Affirmative Action and Top Ten Percent Policies

With the Supreme Court’s blow to affirmative action last week, state universities may increasingly turn to the Texas model of automatic acceptance for applicants at the top of their high school class rank. When colleges draw from the top five or ten percent at all high schools, they may be able to recruit an entering class that mirrors the ethnic and racial diversity of high school graduates. While top class rank policies raise a number of concerns and their impact on diversity is mixed, there is a potentially more important benefit from a tweak of the policies.

Suppose that instead of looking just at GPA, admissions offices looked at a range of measures, including test scores, artistic talent, and athletic skills, and admitted the top students from each high school. Suppose further that all selective colleges—public and private—employed a top ten (or one) percent admissions policy. By whatever measures admissions offices used to rank applicants, the colleges would admit the top applicants from all high schools (of a minimum size). 

Parents would recognize that their children would do better in the application process by attending Urban High than by attending Suburban or Private High. Instead of concentrating their children in the highest performing schools, parents of means would have a strong incentive to spread their children across the full range of schools. 

There would be two important effects for cities. First, their property tax bases would grow, as more families chose to live in the cities than in the suburbs. Cities would be in a better position to invest in infrastructure and finance public services. Second, school quality would improve. Once their children were attending one of the lower performing schools, parents would push for improvements in the quality of the school, whether by seeking more public dollars or by raising more supplemental funding. The upper and middle socioeconomic classes might still focus their attention on the schools that their children attend, but the number of such schools would have increased. The gap in quality between the top schools and the bottom schools should narrow, and school quality should become more uniformly high. Rural areas also should benefit from top ten policies.

Would parents really send their children to lower performing schools to take advantage of high class rank admissions policies? They already have in Texas.

After that state’s ten percent policy was adopted, a number of parents moved their children to schools with lower levels of achievement by the student body. The effects would be even greater if Ivy League and other elite universities followed the Texas model. The ten percent policy also has had a substantial impact on property values as families have moved into neighborhoods with lower-performing schools. Because parents adjust their choices of schools in response to high class rank policies, academic standards at selective universities needn't suffer (except perhaps in the short-term).

We've known for a long time that we do better by the disadvantaged when we link their fortunes to the fortunes of the advantaged in society. Top class rank policies can provide that linkage. And they can do so without having to pass any laws. (For more discussion of this idea, see here).
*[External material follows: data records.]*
(* Let $\kappa$ be a regular uncountable cardinal and let $\mathscr{U},\mathscr{V}$ be ultrafilters over $\kappa$ such that $\mathscr{U}\leq_{\mathrm{RK}}\mathscr{V}$. If $\mathrm{Gal}(\mathscr{V},\kappa,\kappa^+)$ holds, then $\mathrm{Gal}(\mathscr{U},\kappa,\kappa^+)$ holds.
   Context: For a regular uncountable cardinal $\kappa$, a cardinal $\lambda$ and a filter $\mathscr{F}$ over $\kappa$, $\mathrm{Gal}(\mathscr{F},\kappa,\lambda)$ (Galvin's property) means: every sequence $\langle A_\alpha\mid \alpha<\lambda\rangle$ of members of $\mathscr{F}$ admits a subsequence $\langle A_{\alpha_\beta}\mid \beta<\kappa\rangle$ (i.e. a set of $\kappa$ many indices) with $\bigcap_{\beta<\kappa}A_{\alpha_\beta}\in\mathscr{F}$. $\mathscr{U}\leq_{\mathrm{RK}}\mathscr{V}$ (Rudin–Keisler) means there is $f\colon\kappa\to\kappa$ such that for every $X\subseteq\kappa$, $X\in\mathscr{U}$ iff $f^{-1}[X]\in\mathscr{V}$. *)

theory Defs
  imports Main "HOL-Library.Countable_Set"
begin

text \<open>kappa is represented by the type 'a (its universe UNIV); filters over kappa are
  families of subsets of UNIV :: 'a set.\<close>

definition is_filter :: "'a set set \<Rightarrow> bool" where
  "is_filter F \<longleftrightarrow> UNIV \<in> F \<and> {} \<notin> F \<and>
     (\<forall>X Y. X \<in> F \<and> Y \<in> F \<longrightarrow> X \<inter> Y \<in> F) \<and>
     (\<forall>X Y. X \<in> F \<and> X \<subseteq> Y \<longrightarrow> Y \<in> F)"

definition is_ultrafilter :: "'a set set \<Rightarrow> bool" where
  "is_ultrafilter U \<longleftrightarrow> is_filter U \<and> (\<forall>X. X \<in> U \<or> - X \<in> U)"

definition RK_le :: "'a set set \<Rightarrow> 'a set set \<Rightarrow> bool" where
  "RK_le U V \<longleftrightarrow> (\<exists>f :: 'a \<Rightarrow> 'a. \<forall>X. X \<in> U \<longleftrightarrow> f -` X \<in> V)"

text \<open>Galvin's property Gal(F, kappa, lambda), with kappa = |UNIV :: 'a set| and lambda
  given as the cardinality of an index set L: every L-indexed sequence of members of F
  has kappa many indices whose sets have intersection in F.\<close>
definition Gal :: "'a set set \<Rightarrow> 'b set \<Rightarrow> bool" where
  "Gal F L \<longleftrightarrow> (\<forall>A :: 'b \<Rightarrow> 'a set. (\<forall>\<alpha>\<in>L. A \<alpha> \<in> F) \<longrightarrow>
      (\<exists>I\<subseteq>L. (card_of I, card_of (UNIV :: 'a set)) \<in> ordIso \<and> (\<Inter>\<alpha>\<in>I. A \<alpha>) \<in> F))"

end

theory Submission
  imports Defs
begin

text \<open>Preimage commutes with intersections, so pulling a sequence of U-sets back along the
  Rudin-Keisler map and applying Galvin's property in V yields the required subfamily.\<close>

lemma Gal_vimage_reflecting:
  fixes f :: "'a \<Rightarrow> 'a" and U V :: "'a set set" and L :: "'b set"
  assumes reflect: "\<And>X. X \<in> U \<longleftrightarrow> f -` X \<in> V"
    and "Gal V L"
  shows "Gal U L"
  unfolding Gal_def
proof (intro allI impI)
  fix A :: "'b \<Rightarrow> 'a set"
  assume "\<forall>\<alpha>\<in>L. A \<alpha> \<in> U"
  then have "\<forall>\<alpha>\<in>L. f -` A \<alpha> \<in> V"
    using reflect by blast
  then obtain I where I: "I \<subseteq> L" "(card_of I, card_of (UNIV :: 'a set)) \<in> ordIso"
      and "(\<Inter>\<alpha>\<in>I. f -` A \<alpha>) \<in> V"
    using \<open>Gal V L\<close> unfolding Gal_def by (elim allE[of _ "\<lambda>\<alpha>. f -` A \<alpha>"]) blast
  moreover have "f -` (\<Inter>\<alpha>\<in>I. A \<alpha>) = (\<Inter>\<alpha>\<in>I. f -` A \<alpha>)"
    by auto
  ultimately have "(\<Inter>\<alpha>\<in>I. A \<alpha>) \<in> U"
    using reflect by simp
  with I show "\<exists>I\<subseteq>L. (card_of I, card_of (UNIV :: 'a set)) \<in> ordIso \<and> (\<Inter>\<alpha>\<in>I. A \<alpha>) \<in> U"
    by blast
qed

lemma Gal_RK_le:
  assumes "RK_le U V" and "Gal V L"
  shows "Gal U L"
proof -
  from \<open>RK_le U V\<close> obtain f :: "'a \<Rightarrow> 'a" where "\<And>X. X \<in> U \<longleftrightarrow> f -` X \<in> V"
    unfolding RK_le_def by blast
  then show ?thesis
    using \<open>Gal V L\<close> by (rule Gal_vimage_reflecting)
qed

theorem lemma2p1:
  fixes U V :: "'a set set" and L :: "'b set"
  assumes "regularCard (card_of (UNIV :: 'a set))"
    and "\<not> countable (UNIV :: 'a set)"
    and "is_ultrafilter U" and "is_ultrafilter V"
    and "RK_le U V"
    and "(card_of L, cardSuc (card_of (UNIV :: 'a set))) \<in> ordIso"
    and "Gal V L"
  shows "Gal U L"
  using Gal_RK_le assms(5,7) .

end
[cross-posted at orentlicher.tumblr.com]

Posted by David Orentlicher on April 28, 2014 at 10:39 AM | Permalink


I'm sure you discuss this in the article, but my understanding was that the evidence is pretty mixed as to whether the Top Ten Percent plan is beneficial to minorities. From what I recall, there is some evidence that white students gaming the system (usually by going to the lower performing neighborhood school instead of a more competitive magnet school) were essentially crowding out high achieving minorities from those schools, and the people really bearing the cost of the policy were middle class minorities in more integrated schools. And that's not to mention that class sizes at the most prestigious Texas public schools (UT and A&M) have ballooned during that time -- a time in which the Texas economy has grown disproportionately rapidly. It's not clear that public institutions in states with a more representative growth rate could absorb that sort of increase.

Posted by: My $0.02 | Apr 28, 2014 11:36:52 AM

Very interesting. This does seem like a potentially clever way to improve ailing high schools without intrusive (eg busing), expensive, or otherwise politically unrealistic interventions. I wonder, however, whether the policy justification for favoring the top ten percent of each school would make sense anymore if it became clear that a significant number of the beneficiaries were "parents of means" who chose lower-ranked high schools in order to improve their children's chances of getting into good colleges.
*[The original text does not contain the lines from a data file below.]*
(* (a) For every $e\in E$ there exist $i,c,d\in\mathbb{Z}$ with $c,d\geq0$ such that $e=c\epsilon^i+d\epsilon^{i+1}$. (b) Every $e\in E$ is represented over $\mathcal{O}_K$ by the 8-ary form $x_1^2+x_2^2+x_3^2+x_4^2+\epsilon(x_5^2+x_6^2+x_7^2+x_8^2)$, i.e., $e$ equals this form evaluated at some $x_1,\dots,x_8\in\mathcal{O}_K$.
   Context: $D>1$ squarefree, $K=\mathbb{Q}(\sqrt D)$, $\mathcal{O}_K$ its ring of integers. $\epsilon$ is the totally positive fundamental unit of $\mathcal{O}_K$ (the smallest unit $>1$ whose conjugate is also positive; it has norm $1$). $E=\mathbb{N}_0[\epsilon,\epsilon^{-1}]$ is the set of all finite sums $\sum_{i=i_0}^{i_1}e_i\epsilon^i$ with $i_0,i_1\in\mathbb{Z}$ and integers $e_i\geq0$. *)

theory Defs
  imports "HOL-Analysis.Analysis" "HOL-Computational_Algebra.Computational_Algebra"
begin

definition quad_field :: "int \<Rightarrow> real set" where
  "quad_field D = {of_rat p + of_rat q * sqrt (real_of_int D) | p q. True}"

definition ring_of_integers :: "int \<Rightarrow> real set" where
  "ring_of_integers D = {x \<in> quad_field D. algebraic_int x}"

definition qconj :: "int \<Rightarrow> real \<Rightarrow> real" where
  "qconj D x = (THE y. \<exists>p q. x = of_rat p + of_rat q * sqrt (real_of_int D)
                              \<and> y = of_rat p - of_rat q * sqrt (real_of_int D))"

definition units_OK :: "int \<Rightarrow> real set" where
  "units_OK D = {u \<in> ring_of_integers D. u \<noteq> 0 \<and> inverse u \<in> ring_of_integers D}"

definition tp_fund_unit :: "int \<Rightarrow> real \<Rightarrow> bool" where
  "tp_fund_unit D \<epsilon> \<longleftrightarrow> \<epsilon> \<in> units_OK D \<and> \<epsilon> > 1 \<and> qconj D \<epsilon> > 0 \<and>
     (\<forall>u \<in> units_OK D. u > 1 \<and> qconj D u > 0 \<longrightarrow> \<epsilon> \<le> u)"

text \<open>E = N_0[eps, eps^-1]: finite sums of e_i eps^i with e_i \<ge> 0 integers.\<close>
definition semiring_E :: "real \<Rightarrow> real set" where
  "semiring_E \<epsilon> = {(\<Sum>k<n. real (c k) * \<epsilon> powi (i0 + int k)) | i0 n c. True}"

end

theory Submission
  imports Defs
begin

text \<open>
  Since \<open>\<epsilon>\<close> is a unit of norm 1 and norm and trace of an algebraic integer of \<open>K\<close> are
  rational integers, \<open>\<epsilon>\<close> is a root of \<open>X\<^sup>2 - t X + 1\<close> with \<open>t \<in> \<int>\<close>. Hence every
  \<open>e \<in> E\<close> and every \<open>\<epsilon>\<^sup>-\<^sup>i e\<close> is of the form \<open>a + b \<epsilon>\<close> with \<open>a, b \<in> \<int>\<close>, and the same
  coefficients give the conjugate, in which \<open>\<epsilon>\<close> is replaced by \<open>\<epsilon>' = \<epsilon>\<^sup>-\<^sup>1\<close>. Both \<open>e\<close> and
  \<open>e'\<close> are positive, so \<open>e / e'\<close> lies in some interval \<open>[\<epsilon>\<^sup>2\<^sup>i, \<epsilon>\<^sup>2\<^sup>i\<^sup>+\<^sup>2]\<close>; for
  \<open>\<epsilon>\<^sup>-\<^sup>i e = a + b \<epsilon>\<close> this forces \<open>a, b \<ge> 0\<close>, which is (a). For (b), split the exponent by
  parity to write \<open>c \<epsilon>\<^sup>i + d \<epsilon>\<^sup>i\<^sup>+\<^sup>1\<close> as \<open>c' y\<^sup>2 + \<epsilon> d' w\<^sup>2\<close> with powers \<open>y, w\<close> of \<open>\<epsilon>\<close>, and
  write \<open>c'\<close> and \<open>d'\<close> as sums of four squares (Lagrange).
\<close>

section \<open>Lagrange's four-square theorem\<close>

definition sum_four_squares :: "int \<Rightarrow> bool" where
  "sum_four_squares n \<longleftrightarrow> (\<exists>a b c d. n = a\<^sup>2 + b\<^sup>2 + c\<^sup>2 + d\<^sup>2)"

lemma euler_four_square_identity:
  fixes a1 a2 a3 a4 b1 b2 b3 b4 :: "'a :: comm_ring_1"
  shows "(a1\<^sup>2 + a2\<^sup>2 + a3\<^sup>2 + a4\<^sup>2) * (b1\<^sup>2 + b2\<^sup>2 + b3\<^sup>2 + b4\<^sup>2) =
      (a1 * b1 + a2 * b2 + a3 * b3 + a4 * b4)\<^sup>2 + (a1 * b2 - a2 * b1 + a3 * b4 - a4 * b3)\<^sup>2
    + (a1 * b3 - a3 * b1 + a4 * b2 - a2 * b4)\<^sup>2 + (a1 * b4 - a4 * b1 + a2 * b3 - a3 * b2)\<^sup>2"
  by (simp add: power2_eq_square algebra_simps)

lemma sum_four_squares_mult:
  "sum_four_squares m \<Longrightarrow> sum_four_squares n \<Longrightarrow> sum_four_squares (m * n)"
  unfolding sum_four_squares_def by (metis euler_four_square_identity)

lemma prime_squares_mod_inj:
  fixes p x y :: int
  assumes "prime p" "0 \<le> x" "0 \<le> y" "2 * x < p" "2 * y < p" "x\<^sup>2 mod p = y\<^sup>2 mod p"
  shows "x = y"
proof -
  have "p dvd (x - y) * (x + y)"
    using assms(6) by (simp add: mod_eq_dvd_iff power2_eq_square algebra_simps)
  hence "p dvd x - y \<or> p dvd x + y" using assms(1) by (simp add: prime_dvd_mult_iff)
  moreover have "\<bar>x - y\<bar> < p" "x + y < p" using assms(2-5) by linarith+
  ultimately show ?thesis
    using assms(2,3) dvd_imp_le_int[of "x - y" p] zdvd_imp_le[of p "x + y"] by fastforce
qed

lemma odd_prime_dvd_sum_two_squares_plus_one:
  fixes p :: int
  assumes "prime p" "odd p"
  obtains x y where "0 \<le> x" "0 \<le> y" "2 * x < p" "2 * y < p" "p dvd x\<^sup>2 + y\<^sup>2 + 1"
proof -
  define h where "h = (p - 1) div 2"
  have p: "2 * h + 1 = p" "p > 1"
    using assms prime_gt_1_int unfolding h_def by (auto elim!: oddE)
  define A where "A = (\<lambda>x. x\<^sup>2 mod p) ` {0..h}"
  define B where "B = (\<lambda>y. (-1 - y\<^sup>2) mod p) ` {0..h}"
  have "inj_on (\<lambda>x. x\<^sup>2 mod p) {0..h}" "inj_on (\<lambda>y. (-1 - y\<^sup>2) mod p) {0..h}"
    using prime_squares_mod_inj[OF assms(1)] p
    by (auto intro!: inj_onI simp: mod_eq_dvd_iff dvd_diff_commute)
  hence "card A + card B = nat p + 1"
    using p unfolding A_def B_def by (simp add: card_image)
  moreover have "A \<union> B \<subseteq> {0..<p}"
    unfolding A_def B_def using p(2) by (auto intro: pos_mod_bound pos_mod_sign)
  hence "card (A \<union> B) \<le> nat p"
    using card_mono[of "{0..<p}" "A \<union> B"] by simp
  ultimately have "A \<inter> B \<noteq> {}"
    using card_Un_disjoint[of A B] unfolding A_def B_def by fastforce
  then obtain x y where xy: "x \<in> {0..h}" "y \<in> {0..h}" "x\<^sup>2 mod p = (-1 - y\<^sup>2) mod p"
    unfolding A_def B_def by (auto simp del: atLeastAtMost_iff)
  hence "p dvd x\<^sup>2 + y\<^sup>2 + 1" by (simp add: mod_eq_dvd_iff algebra_simps)
  with xy p show thesis by (intro that[of x y]) auto
qed

lemma centered_residue:
  fixes x m :: int
  assumes "m > 0"
  obtains y k where "x = y + m * k" "2 * \<bar>y\<bar> \<le> m"
proof (cases "2 * (x mod m) \<le> m")
  case True
  thus thesis using assms by (intro that[of "x mod m" "x div m"]) auto
next
  case False
  moreover have "x mod m < m" using assms by simp
  ultimately show thesis
    by (intro that[of "x mod m - m" "x div m + 1"]) (auto simp: algebra_simps abs_if)
qed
Posted by: AF | Apr 28, 2014 11:38:34 AM

There are various comprehensive ways to deal with overall social problems that would be ideal but one reason why more limited race conscious measures were used was that there was not enough support for them.

The first comment suggests the specific concept -- which various people also argue is race conscious in certain respects (did not Ginsburg do it in one of her opinions? I think so) -- is a complicated matter. I welcome serious debate and attempts to try it out. I'm unsure about doing so only because an amendment like the one upheld last week was in place.

Still, race is itself a problem in this society. Just dealing with class or whatever will not solve it. Sometimes, race conscious (or sex conscious, or religion conscious etc.) means probably are necessary. Those, to speak generally, who say "I think we should use class based measures," e.g., to me are probably a bit naive if that is all they got.

Posted by: Joe | Apr 28, 2014 12:35:42 PM

I also wonder *when* middle class students attend underperforming schools. The rational thing to do is to send your child to an over performing school, and then (when things get tough at the top) transfer to an underperforming school for the last year or so (e.g., by renting in that school district). In that case, not only do minority and poor students get crowded out, but the economically disadvantaged students get no benefit from having middle class students work along side them, or contribute cash to the school over a long period of time, or all the other benefits of having middle class folks in school. In fact, the message is quite the opposite: it's "we're using your inability to perform to help our already advantaged kids get an additional advantage." I'm not saying this is exactly what happens; but it seems to me the economically rational thing to do.

Posted by: Eric Miller | Apr 28, 2014 12:47:32 PM

Eric Miller:
Here in NYC I have heard of some strategic renting but of the opposite variety -- a family will rent a tiny apartment in a desirable school district, enroll their youngest child, and then after a year leave for cheaper, more specious accommodations. Not only is the oldest child grandfathered in, but his younger siblings are too.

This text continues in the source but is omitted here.